The body’s code field tells you which layer you hit:
  • 'rate_limited' for the public-API surfaces.
  • The message carries the surface-specific detail (per-key rate limit exceeded, webhook ingress rate limit exceeded, etc.).

Fail-open posture (and why)

The limiter fails OPEN on Redis blips. A Redis outage admits the request rather than 429-ing every customer — better to serve traffic than to falsely block it. The trade-off is explicit: a sustained Redis outage means rate limits stop functioning. Mitigations:
  • Alarm on the rate_limit.redis_failed log spike. A blip is fine; a sustained spike pages the operator.
  • Defence in depth. The application-tier rate limit is one of three layers — Cloudflare WAF (per-IP global) and per-channel BSP-level limits (360dialog throttling, Vapi quotas) also apply. A Redis failure removes the application-tier gate but not the others.
This is the right call pre-customer; reconsider when traffic gets serious enough that “fail-open during Redis outage” is materially worse than “429 everyone during Redis outage.”

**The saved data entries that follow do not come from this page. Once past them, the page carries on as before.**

lemma sample_norm_translate_le:
  assumes ctrl: "samples_control n \<phi> H P C" and w: "w \<in> fun_span n \<phi> H"
    and "P \<subseteq> H" "t ` P \<subseteq> H"
  shows "sample_norm P (\<lambda>h. w (t h) - w h) \<le>
    C * sample_norm P w * (\<Sum>i<n. sample_norm P (\<lambda>p. \<phi> i (t p) - \<phi> i p))"
proof -
  obtain a where a: "\<forall>h\<in>H. w h = (\<Sum>i<n. a i * \<phi> i h)"
    using w by (auto simp: fun_span_def)
  obtain a' where "\<forall>h\<in>H. (\<Sum>i<n. a' i * \<phi> i h) = (\<Sum>i<n. a i * \<phi> i h)"
    and "(\<Sum>i<n. cmod (a' i)) \<le> C * sample_norm P (\<lambda>h. \<Sum>i<n. a i * \<phi> i h)"
    using ctrl unfolding samples_control_def by blast
  moreover have "sample_norm P (\<lambda>h. \<Sum>i<n. a i * \<phi> i h) = sample_norm P w"
    unfolding sample_norm_def using a \<open>P \<subseteq> H\<close> by (intro sum.cong) auto
  ultimately have a'1: "\<forall>h\<in>H. (\<Sum>i<n. a' i * \<phi> i h) = w h"
    and a'2: "(\<Sum>i<n. cmod (a' i)) \<le> C * sample_norm P w"
    using a by auto
  have "cmod (w (t p) - w p) \<le> (\<Sum>i<n. cmod (a' i)) * (\<Sum>i<n. cmod (\<phi> i (t p) - \<phi> i p))"
    if "p \<in> P" for p
  proof -
    have "t p \<in> H" "p \<in> H"
      using that assms(3,4) by auto
    then have "w (t p) - w p = (\<Sum>i<n. a' i * \<phi> i (t p)) - (\<Sum>i<n. a' i * \<phi> i p)"
      using a'1 by simp
    also have "\<dots> = (\<Sum>i<n. a' i * (\<phi> i (t p) - \<phi> i p))"
      by (simp add: algebra_simps sum_subtractf)
    finally show ?thesis
      using norm_sum_mult_le[of a' "\<lambda>i. \<phi> i (t p) - \<phi> i p" n] by simp
  qed
  then have "sample_norm P (\<lambda>h. w (t h) - w h) \<le>
      (\<Sum>p\<in>P. (\<Sum>i<n. cmod (a' i)) * (\<Sum>i<n. cmod (\<phi> i (t p) - \<phi> i p)))"
    unfolding sample_norm_def by (rule sum_mono)
  also have "\<dots> = (\<Sum>i<n. cmod (a' i)) * (\<Sum>i<n. sample_norm P (\<lambda>p. \<phi> i (t p) - \<phi> i p))"
    unfolding sample_norm_def by (simp add: sum_distrib_left sum.swap[of _ P])
  also have "\<dots> \<le> C * sample_norm P w * (\<Sum>i<n. sample_norm P (\<lambda>p. \<phi> i (t p) - \<phi> i p))"
    using a'2 by (intro mult_right_mono) (auto intro: sum_nonneg sample_norm_nonneg)
  finally show ?thesis .
qed
(* Let $(W_t)_{t\ge 0}$ be a standard Wiener process. Then almost surely $\|W_\cdot\|_{\widetilde A}<\infty$, where for $f\in C([0,1])$ $$\|f\|_{\widetilde A}:=\sup_{j\in\mathbb{N}_0}\ \sup_{0\le k\le j}\ \sup_{0<t<1}\ \frac{(\widetilde A_kf_j)^*(t)}{\sqrt{2^{k-j}\log(1/t)+1}}$$ and the path $W_\cdot$ is considered as the function $t\mapsto W_t$ on $[0,1]$.
   Context: Let $I=[0,1]$. For $j\in\mathbb{N}_0$ and $m\in\{0,\dots,2^j-1\}$ let $I_{j,m}=[m2^{-j},(m+1)2^{-j}]$ and let $\chi_{j,m}$ be its indicator function. For $f\in C(I)$ define $$\lambda_{j,m}(f)=-2^{j/2-1}\Big(f\big((m+1)2^{-j}\big)-2f\big((2m+1)2^{-j-1}\big)+f\big(m2^{-j}\big)\Big)$$ (the coefficients of $f$ in the expansion $f(x)=f(0)(1-x)+f(1)x+\sum_{j,m}2^{-j/2}\lambda_{j,m}v_{j,m}(x)$ in the Faber system of hat functions $v_{j,m}$ supported on $I_{j,m}$ with height $1$), and put $f_j=\sum_{m=0}^{2^j-1}\lambda_{j,m}(f)\chi_{j,m}$. For integrable $g$ on $I$ and $k\in\mathbb{N}_0$, $(A_kg)(x)=\sum_{l=0}^{2^k-1}2^k\int_{I_{k,l}}g(t)\,dt\cdot\chi_{k,l}(x)$ and $\widetilde A_kg=A_k(|g|)$. For measurable $h$ on $I$, $h^*(t)=\inf\{s\ge0:|\{x\in I:|h(x)|>s\}|\le t\}$ is the non-increasing rearrangement. *)

theory Defs
  imports "HOL-Probability.Probability"
begin

definition wiener_process :: "'a measure \<Rightarrow> (real \<Rightarrow> 'a \<Rightarrow> real) \<Rightarrow> bool" where
  "wiener_process M W \<longleftrightarrow>
     prob_space M \<and>
     (\<forall>t\<ge>0. W t \<in> borel_measurable M) \<and>
     (AE \<omega> in M. W 0 \<omega> = 0) \<and>
     (AE \<omega> in M. continuous_on {0..} (\<lambda>t. W t \<omega>)) \<and>
     (\<forall>s t. 0 \<le> s \<and> s < t \<longrightarrow>
        distributed M lborel (\<lambda>\<omega>. W t \<omega> - W s \<omega>) (normal_density 0 (sqrt (t - s)))) \<and>
     (\<forall>(n::nat) (ts::nat \<Rightarrow> real). 0 \<le> ts 0 \<and> (\<forall>i<n. ts i < ts (Suc i)) \<longrightarrow>
        prob_space.indep_vars M (\<lambda>_. borel) (\<lambda>i \<omega>. W (ts (Suc i)) \<omega> - W (ts i) \<omega>) {..<n})"

definition dyad_int :: "nat \<Rightarrow> nat \<Rightarrow> real set" where
  "dyad_int j m = {real m / 2 ^ j .. (real m + 1) / 2 ^ j}"

definition dyad_chi :: "nat \<Rightarrow> nat \<Rightarrow> real \<Rightarrow> real" where
  "dyad_chi j m = indicator (dyad_int j m)"

definition faber_coeff :: "nat \<Rightarrow> nat \<Rightarrow> (real \<Rightarrow> real) \<Rightarrow> real" where
  "faber_coeff j m f =
     - (2 powr (real j / 2 - 1)) *
       (f ((real m + 1) / 2 ^ j) - 2 * f ((2 * real m + 1) / 2 ^ (j + 1)) + f (real m / 2 ^ j))"

definition faber_level :: "(real \<Rightarrow> real) \<Rightarrow> nat \<Rightarrow> real \<Rightarrow> real" where
  "faber_level f j x = (\<Sum>m<2 ^ j. faber_coeff j m f * dyad_chi j m x)"

definition avg_op :: "nat \<Rightarrow> (real \<Rightarrow> real) \<Rightarrow> real \<Rightarrow> real" where
  "avg_op k g x = (\<Sum>l<2 ^ k. 2 ^ k * integral (dyad_int k l) g * dyad_chi k l x)"

definition avg_op_abs :: "nat \<Rightarrow> (real \<Rightarrow> real) \<Rightarrow> real \<Rightarrow> real" where
  "avg_op_abs k g = avg_op k (\<lambda>t. \<bar>g t\<bar>)"

definition rearr :: "(real \<Rightarrow> real) \<Rightarrow> real \<Rightarrow> real" where
  "rearr h t = Inf {s. 0 \<le> s \<and> measure lebesgue {x \<in> {0..1}. \<bar>h x\<bar> > s} \<le> t}"

definition tA_norm :: "(real \<Rightarrow> real) \<Rightarrow> ereal" where
  "tA_norm f = (SUP j::nat. SUP k\<in>{..j}. SUP t\<in>{0<..<1::real}.
      ereal (rearr (avg_op_abs k (faber_level f j)) t /
             sqrt (2 powr (real k - real j) * ln (1 / t) + 1)))"

end

theory Submission
  imports Defs
begin

(* Let Z_i = 2^{j+1} (f((i+1)/2^{j+1}) - f(i/2^{j+1}))^2 be the normalised squared increments
  at level j+1.  Every Faber coefficient satisfies lambda_{j,m}^2 <= (Z_{2m} + Z_{2m+1}) / 4, so
  by AM-GM the average of |f_j| over I_{k,l} is at most e/2 + T_l / (8 e 2^{j-k}) for every e > 0,
  where T_l is the sum of the Z_i inside I_{k,l}.  As A_k f_j is a step function on the I_{k,l},
  (A_k f_j)^*(t) <= s as soon as at most 2^k t of its values exceed s.  Hence the quotient in the
  norm is at most 7/2 on every level j at which, for all k <= j and n, at most 2^k e^{-(n+2)}
  blocks are heavy, i.e. have T_l > 12 (n + 1 + 2^{j-k}).

  For the Wiener process the Z_i are independent chi-square variables with E exp(Z_i/4) = sqrt 2.
  By Chernoff a block is heavy with probability at most 2^{2^{j-k}} e^{-3(n+1+2^{j-k})}, and as the
  T_l are independent, Chebyshev's inequality bounds the probability of too many heavy blocks by
  4e 2^{-n} 2^{-j} 2^{-(j-k)}.  Summed over n and k <= j this is O(2^{-j}), so by Borel-Cantelli
  almost every path satisfies the condition on all large levels; on the finitely many others the
  quotient is bounded by sum_m |lambda_{j,m}|. *)

(* The indices m of the dyadic intervals I_{k+d,m} contained in I_{k,l}. *)
definition dyad_block :: "nat \<Rightarrow> nat \<Rightarrow> nat set" where
  "dyad_block d l = {l * 2 ^ d ..< (l + 1) * 2 ^ d}"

Honouring rate limits (client side)

When you get a 429:
  1. Read Retry-After — honour it as the minimum back-off.
  2. Don’t loop tighter than Retry-After. Add jitter so multiple clients don’t all retry at the same window-roll millisecond.
  3. Keep separate buckets per resource. If you’re hammering /v1/conversations and getting 429’d, that doesn’t mean /v1/leads is rate-limited too — they share the per-API-key bucket but only count failures against you under that bucket.
  4. For around-the-brain workflows (n8n nurture loops, post-booking nudges), Retry-After handling is built into the stock n8n HTTP node.

Plan-aware limits (planned)

The current numbers are platform-wide. Per-customer plan-based ceilings (raise the per-tenant aggregate to 20,000 req/min on Pro plans, etc.) are implemented as a parameter on the limit helpers but not customer-bound today (we don’t have customer plans yet pre-customer). When the billing model launches, these ceilings flex per-plan at the call site without code changes elsewhere.

What’s NOT enforced today

  • Per-resource-class quotas. No daily/monthly cap on “how many leads can your tenant create”; the per-key + tenant aggregate is the only ceiling.
  • Per-key burst credits. Fixed window only; no token-bucket burst allowance. A request at second :00 and one at :59 both count toward the same window’s 200.
  • Custom plans. No way to bump a single tenant’s per-API-key limit without a code change today.